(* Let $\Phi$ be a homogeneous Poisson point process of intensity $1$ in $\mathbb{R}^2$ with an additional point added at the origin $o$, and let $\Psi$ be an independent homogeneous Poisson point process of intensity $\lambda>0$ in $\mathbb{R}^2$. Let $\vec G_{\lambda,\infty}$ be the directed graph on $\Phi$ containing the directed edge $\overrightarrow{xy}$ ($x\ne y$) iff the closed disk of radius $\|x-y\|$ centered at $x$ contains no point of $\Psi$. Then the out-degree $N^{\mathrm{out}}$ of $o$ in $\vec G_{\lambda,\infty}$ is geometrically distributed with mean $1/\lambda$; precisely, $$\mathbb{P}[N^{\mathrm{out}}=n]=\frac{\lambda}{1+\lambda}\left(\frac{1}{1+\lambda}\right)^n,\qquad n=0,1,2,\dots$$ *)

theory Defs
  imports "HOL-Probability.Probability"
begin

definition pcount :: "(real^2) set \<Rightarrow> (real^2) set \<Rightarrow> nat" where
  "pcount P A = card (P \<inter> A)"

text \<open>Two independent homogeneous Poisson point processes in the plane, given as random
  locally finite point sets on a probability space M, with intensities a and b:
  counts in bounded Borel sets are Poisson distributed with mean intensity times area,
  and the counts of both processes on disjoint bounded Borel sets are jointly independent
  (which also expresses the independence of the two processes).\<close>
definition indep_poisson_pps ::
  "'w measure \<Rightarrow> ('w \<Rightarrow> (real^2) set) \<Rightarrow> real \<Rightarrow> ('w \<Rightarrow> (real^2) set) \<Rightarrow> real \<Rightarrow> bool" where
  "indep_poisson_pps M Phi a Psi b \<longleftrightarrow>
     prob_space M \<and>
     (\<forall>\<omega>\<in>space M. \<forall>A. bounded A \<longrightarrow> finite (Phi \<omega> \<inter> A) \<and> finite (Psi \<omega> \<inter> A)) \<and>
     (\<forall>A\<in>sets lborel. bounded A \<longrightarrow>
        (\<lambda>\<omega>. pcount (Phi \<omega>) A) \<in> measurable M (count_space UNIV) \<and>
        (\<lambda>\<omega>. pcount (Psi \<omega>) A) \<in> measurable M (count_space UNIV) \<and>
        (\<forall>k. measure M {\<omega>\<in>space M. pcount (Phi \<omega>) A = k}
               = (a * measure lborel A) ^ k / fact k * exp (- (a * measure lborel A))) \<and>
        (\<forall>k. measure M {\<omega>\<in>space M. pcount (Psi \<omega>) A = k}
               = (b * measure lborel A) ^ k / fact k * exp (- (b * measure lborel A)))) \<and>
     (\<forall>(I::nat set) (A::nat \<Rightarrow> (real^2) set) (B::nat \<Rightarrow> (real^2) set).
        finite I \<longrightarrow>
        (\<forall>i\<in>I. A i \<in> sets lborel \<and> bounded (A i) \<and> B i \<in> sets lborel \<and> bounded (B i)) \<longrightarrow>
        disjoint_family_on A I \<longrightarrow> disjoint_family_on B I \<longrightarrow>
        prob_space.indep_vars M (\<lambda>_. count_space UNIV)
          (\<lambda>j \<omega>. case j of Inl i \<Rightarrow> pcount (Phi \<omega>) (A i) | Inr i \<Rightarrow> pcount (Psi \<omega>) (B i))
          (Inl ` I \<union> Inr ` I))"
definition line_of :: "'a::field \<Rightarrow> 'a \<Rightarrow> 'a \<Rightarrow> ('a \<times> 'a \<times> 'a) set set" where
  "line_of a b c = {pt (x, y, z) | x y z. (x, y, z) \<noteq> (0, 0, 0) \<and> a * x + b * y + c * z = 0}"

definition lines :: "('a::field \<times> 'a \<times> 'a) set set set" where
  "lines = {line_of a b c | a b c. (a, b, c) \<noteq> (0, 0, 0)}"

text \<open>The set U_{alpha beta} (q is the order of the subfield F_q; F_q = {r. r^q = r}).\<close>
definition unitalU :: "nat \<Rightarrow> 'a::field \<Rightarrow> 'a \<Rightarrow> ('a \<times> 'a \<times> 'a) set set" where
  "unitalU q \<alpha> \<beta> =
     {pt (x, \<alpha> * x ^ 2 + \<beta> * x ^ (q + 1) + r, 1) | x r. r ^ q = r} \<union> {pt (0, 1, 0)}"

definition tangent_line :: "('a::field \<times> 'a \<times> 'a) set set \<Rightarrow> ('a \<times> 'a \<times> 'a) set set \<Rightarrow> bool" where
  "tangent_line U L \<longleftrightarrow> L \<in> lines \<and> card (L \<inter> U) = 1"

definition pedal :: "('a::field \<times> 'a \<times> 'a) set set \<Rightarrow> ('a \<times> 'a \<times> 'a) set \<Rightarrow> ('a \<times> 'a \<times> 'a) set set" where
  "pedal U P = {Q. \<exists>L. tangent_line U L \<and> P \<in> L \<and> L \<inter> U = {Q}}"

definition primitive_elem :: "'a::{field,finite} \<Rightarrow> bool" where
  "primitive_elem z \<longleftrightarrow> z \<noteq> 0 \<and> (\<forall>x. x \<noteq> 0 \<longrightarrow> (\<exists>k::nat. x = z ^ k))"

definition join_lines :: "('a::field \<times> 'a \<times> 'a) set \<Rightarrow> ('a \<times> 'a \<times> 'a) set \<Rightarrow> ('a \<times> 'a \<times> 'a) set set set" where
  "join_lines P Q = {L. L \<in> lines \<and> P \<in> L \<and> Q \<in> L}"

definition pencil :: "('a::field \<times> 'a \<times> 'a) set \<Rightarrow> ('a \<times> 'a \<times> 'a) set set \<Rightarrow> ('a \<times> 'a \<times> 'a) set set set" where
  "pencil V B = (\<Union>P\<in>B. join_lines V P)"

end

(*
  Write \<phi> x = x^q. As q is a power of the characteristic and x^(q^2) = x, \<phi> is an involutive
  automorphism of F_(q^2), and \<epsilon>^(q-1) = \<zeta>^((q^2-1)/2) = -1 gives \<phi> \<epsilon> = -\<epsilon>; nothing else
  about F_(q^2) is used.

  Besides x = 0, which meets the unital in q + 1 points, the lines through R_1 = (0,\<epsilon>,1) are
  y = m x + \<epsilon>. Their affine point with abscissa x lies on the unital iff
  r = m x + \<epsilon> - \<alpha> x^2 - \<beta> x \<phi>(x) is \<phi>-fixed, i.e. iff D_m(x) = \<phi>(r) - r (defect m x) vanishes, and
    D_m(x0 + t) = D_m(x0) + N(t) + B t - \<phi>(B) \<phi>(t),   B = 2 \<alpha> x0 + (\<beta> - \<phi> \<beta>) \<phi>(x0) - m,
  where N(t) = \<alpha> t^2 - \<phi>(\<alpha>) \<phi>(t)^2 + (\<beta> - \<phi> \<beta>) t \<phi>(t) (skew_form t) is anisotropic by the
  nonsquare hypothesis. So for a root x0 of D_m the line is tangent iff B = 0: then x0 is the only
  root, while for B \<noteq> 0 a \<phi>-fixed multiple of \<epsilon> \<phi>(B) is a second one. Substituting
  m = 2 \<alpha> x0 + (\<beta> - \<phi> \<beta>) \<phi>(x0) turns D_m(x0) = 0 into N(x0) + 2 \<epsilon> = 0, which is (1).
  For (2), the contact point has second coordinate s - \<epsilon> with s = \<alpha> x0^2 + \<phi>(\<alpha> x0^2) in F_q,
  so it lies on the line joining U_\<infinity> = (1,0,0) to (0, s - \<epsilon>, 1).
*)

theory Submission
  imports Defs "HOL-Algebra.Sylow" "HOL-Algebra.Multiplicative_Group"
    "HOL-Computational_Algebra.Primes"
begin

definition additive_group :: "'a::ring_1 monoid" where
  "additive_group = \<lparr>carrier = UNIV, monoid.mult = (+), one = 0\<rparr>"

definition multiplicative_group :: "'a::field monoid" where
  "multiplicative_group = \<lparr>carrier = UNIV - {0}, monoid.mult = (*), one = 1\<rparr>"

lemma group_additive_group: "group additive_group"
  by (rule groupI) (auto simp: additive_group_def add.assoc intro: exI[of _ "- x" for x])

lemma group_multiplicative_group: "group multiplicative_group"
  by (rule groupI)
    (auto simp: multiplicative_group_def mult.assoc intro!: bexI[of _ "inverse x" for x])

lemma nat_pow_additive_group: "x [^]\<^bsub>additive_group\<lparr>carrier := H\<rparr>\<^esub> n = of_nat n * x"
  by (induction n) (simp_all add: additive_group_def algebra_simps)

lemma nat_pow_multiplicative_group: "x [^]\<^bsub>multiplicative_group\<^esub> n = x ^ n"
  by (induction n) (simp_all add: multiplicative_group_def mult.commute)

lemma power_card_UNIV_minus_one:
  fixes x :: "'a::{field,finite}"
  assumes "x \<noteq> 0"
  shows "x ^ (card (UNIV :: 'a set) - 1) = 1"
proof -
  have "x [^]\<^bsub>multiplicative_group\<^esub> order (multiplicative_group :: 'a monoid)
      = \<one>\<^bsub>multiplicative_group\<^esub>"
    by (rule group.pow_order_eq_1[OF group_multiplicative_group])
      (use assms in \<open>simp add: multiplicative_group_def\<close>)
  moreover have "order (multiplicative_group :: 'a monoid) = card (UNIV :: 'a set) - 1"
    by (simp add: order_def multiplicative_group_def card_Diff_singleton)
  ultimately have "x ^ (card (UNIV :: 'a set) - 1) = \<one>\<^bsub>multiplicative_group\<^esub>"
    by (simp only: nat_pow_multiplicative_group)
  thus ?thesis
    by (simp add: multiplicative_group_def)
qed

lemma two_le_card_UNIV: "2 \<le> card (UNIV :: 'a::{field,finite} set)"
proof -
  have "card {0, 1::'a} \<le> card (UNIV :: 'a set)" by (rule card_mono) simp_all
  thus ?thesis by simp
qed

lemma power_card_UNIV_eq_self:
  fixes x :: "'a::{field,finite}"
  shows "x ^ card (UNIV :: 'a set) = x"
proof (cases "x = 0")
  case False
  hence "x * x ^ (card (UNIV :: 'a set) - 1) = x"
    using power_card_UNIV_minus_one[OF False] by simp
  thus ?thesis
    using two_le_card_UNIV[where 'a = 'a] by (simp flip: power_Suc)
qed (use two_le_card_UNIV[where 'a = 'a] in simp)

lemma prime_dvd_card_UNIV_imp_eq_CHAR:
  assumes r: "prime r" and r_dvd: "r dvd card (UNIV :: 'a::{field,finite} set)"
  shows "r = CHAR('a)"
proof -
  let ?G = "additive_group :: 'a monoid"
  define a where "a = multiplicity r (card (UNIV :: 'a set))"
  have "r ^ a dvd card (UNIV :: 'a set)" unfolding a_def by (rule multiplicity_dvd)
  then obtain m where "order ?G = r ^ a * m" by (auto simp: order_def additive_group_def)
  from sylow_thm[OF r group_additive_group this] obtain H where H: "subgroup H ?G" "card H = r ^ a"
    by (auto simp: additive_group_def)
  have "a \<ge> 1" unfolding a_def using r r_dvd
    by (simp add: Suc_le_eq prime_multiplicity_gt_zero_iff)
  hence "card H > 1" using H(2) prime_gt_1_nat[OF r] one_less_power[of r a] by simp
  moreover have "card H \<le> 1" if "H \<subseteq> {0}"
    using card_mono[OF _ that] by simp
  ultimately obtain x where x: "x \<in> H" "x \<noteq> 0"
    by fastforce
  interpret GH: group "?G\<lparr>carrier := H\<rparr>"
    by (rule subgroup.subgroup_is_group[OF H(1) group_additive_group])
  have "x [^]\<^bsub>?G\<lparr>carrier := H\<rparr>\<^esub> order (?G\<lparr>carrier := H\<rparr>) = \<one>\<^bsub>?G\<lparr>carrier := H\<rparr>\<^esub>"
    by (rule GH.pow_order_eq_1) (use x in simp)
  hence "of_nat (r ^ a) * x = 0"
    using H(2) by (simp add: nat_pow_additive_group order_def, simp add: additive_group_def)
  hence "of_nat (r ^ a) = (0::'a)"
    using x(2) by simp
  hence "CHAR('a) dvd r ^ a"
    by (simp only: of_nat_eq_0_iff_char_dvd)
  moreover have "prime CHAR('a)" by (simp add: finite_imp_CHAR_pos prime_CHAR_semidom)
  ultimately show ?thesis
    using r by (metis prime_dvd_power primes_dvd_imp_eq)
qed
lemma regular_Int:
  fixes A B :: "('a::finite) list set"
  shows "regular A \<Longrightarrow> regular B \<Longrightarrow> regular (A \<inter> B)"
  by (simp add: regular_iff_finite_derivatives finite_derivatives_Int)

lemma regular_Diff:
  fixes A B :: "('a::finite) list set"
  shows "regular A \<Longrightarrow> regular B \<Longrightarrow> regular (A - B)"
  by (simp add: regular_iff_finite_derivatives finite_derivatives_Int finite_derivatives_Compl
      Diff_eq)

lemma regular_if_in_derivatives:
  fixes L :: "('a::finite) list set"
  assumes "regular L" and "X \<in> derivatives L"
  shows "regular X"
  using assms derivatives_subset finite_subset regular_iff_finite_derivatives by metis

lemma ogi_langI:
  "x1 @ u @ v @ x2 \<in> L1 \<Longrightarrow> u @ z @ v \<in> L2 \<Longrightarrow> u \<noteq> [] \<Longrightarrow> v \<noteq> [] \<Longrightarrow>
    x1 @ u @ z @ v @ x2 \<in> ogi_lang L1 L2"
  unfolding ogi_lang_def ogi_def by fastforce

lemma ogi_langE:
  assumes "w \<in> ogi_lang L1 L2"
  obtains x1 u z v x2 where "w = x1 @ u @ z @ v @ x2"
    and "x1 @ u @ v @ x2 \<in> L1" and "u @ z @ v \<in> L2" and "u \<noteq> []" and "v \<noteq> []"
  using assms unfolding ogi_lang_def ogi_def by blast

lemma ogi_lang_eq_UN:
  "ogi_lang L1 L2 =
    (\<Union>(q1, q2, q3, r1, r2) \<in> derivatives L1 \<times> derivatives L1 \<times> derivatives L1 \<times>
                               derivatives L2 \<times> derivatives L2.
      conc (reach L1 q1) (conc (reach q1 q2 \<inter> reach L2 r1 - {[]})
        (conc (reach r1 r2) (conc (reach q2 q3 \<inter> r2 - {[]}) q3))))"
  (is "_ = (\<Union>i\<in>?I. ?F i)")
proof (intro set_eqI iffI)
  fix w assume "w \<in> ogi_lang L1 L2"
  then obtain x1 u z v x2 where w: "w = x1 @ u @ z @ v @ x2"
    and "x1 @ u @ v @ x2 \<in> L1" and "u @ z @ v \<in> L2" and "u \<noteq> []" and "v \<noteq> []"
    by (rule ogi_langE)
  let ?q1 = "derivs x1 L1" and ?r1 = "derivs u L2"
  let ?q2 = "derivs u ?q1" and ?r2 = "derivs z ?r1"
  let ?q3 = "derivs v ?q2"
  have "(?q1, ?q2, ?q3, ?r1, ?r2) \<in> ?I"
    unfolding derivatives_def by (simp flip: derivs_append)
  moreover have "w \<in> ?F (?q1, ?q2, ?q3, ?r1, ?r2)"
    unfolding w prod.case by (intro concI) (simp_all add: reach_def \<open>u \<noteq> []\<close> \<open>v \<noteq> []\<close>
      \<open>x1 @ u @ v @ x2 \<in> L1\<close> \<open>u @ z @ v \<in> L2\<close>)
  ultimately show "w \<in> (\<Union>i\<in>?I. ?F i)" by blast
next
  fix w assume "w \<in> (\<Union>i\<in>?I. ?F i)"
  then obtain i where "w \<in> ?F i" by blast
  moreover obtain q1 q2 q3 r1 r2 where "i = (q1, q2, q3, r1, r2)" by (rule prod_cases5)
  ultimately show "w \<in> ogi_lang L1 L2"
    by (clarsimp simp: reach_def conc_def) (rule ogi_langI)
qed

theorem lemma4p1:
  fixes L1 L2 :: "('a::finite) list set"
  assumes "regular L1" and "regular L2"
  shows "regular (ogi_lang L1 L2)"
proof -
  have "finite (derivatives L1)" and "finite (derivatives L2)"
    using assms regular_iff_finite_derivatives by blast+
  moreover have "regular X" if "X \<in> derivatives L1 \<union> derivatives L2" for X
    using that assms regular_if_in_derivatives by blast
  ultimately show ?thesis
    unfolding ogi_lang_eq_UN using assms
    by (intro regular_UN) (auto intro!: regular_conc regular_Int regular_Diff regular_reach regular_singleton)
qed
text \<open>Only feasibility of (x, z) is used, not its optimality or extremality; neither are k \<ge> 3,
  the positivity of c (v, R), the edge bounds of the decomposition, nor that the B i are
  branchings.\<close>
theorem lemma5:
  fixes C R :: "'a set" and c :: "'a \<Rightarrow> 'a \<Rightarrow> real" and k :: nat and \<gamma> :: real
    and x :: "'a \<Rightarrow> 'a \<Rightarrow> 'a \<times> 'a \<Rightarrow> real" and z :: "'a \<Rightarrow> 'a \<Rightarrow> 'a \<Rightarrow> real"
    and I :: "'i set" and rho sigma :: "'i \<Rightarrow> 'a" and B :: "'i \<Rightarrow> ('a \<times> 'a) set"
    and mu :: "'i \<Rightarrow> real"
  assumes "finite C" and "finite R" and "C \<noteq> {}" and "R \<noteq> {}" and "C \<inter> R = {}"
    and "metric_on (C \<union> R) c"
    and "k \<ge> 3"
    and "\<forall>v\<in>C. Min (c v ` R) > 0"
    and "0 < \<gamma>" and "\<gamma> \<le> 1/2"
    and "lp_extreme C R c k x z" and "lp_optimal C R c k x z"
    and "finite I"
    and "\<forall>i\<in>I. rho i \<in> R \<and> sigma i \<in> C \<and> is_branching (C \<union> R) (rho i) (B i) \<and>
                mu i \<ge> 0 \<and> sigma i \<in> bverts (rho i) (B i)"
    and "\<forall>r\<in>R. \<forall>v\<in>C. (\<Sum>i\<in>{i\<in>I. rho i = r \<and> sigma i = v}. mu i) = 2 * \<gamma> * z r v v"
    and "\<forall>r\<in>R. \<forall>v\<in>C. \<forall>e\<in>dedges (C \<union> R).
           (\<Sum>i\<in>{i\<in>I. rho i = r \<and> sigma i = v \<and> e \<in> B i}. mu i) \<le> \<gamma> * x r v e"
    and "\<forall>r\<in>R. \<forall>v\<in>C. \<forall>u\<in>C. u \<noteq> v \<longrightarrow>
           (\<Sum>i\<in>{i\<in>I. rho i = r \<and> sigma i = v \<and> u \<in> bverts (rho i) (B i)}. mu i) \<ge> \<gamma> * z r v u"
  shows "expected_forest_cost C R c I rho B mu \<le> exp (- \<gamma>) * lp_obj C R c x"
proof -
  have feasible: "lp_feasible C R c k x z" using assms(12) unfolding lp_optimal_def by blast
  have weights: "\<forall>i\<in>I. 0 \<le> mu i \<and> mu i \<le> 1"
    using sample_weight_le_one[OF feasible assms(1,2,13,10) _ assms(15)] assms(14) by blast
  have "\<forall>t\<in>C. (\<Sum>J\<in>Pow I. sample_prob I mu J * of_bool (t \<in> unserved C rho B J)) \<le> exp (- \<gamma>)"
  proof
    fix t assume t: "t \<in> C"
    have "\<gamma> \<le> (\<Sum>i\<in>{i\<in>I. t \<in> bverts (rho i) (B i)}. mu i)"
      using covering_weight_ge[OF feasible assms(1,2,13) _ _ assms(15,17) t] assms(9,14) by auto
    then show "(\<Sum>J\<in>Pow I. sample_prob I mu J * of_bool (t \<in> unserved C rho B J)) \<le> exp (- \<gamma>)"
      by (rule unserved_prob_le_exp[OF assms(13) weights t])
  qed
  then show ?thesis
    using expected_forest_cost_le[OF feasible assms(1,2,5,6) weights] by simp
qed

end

------------------------------------------------------------------------

▶ **TASK DESCRIPTION**: From the entries above, print the lines beginning at the one with "M. pcount (Psi" and stopping after the one with "prob_space.indep_vars M (\<lambda>_.", exactly as written and with nothing else.

▶ **YOUR RESPONSE**:
        (\<forall>k. measure M {\<omega>\<in>space M. pcount (Psi \<omega>) A = k}
               = (b * measure lborel A) ^ k / fact k * exp (- (b * measure lborel A)))) \<and>
     (\<forall>(I::nat set) (A::nat \<Rightarrow> (real^2) set) (B::nat \<Rightarrow> (real^2) set).
        finite I \<longrightarrow>
        (\<forall>i\<in>I. A i \<in> sets lborel \<and> bounded (A i) \<and> B i \<in> sets lborel \<and> bounded (B i)) \<longrightarrow>
        disjoint_family_on A I \<longrightarrow> disjoint_family_on B I \<longrightarrow>
        prob_space.indep_vars M (\<lambda>_. count_space UNIV)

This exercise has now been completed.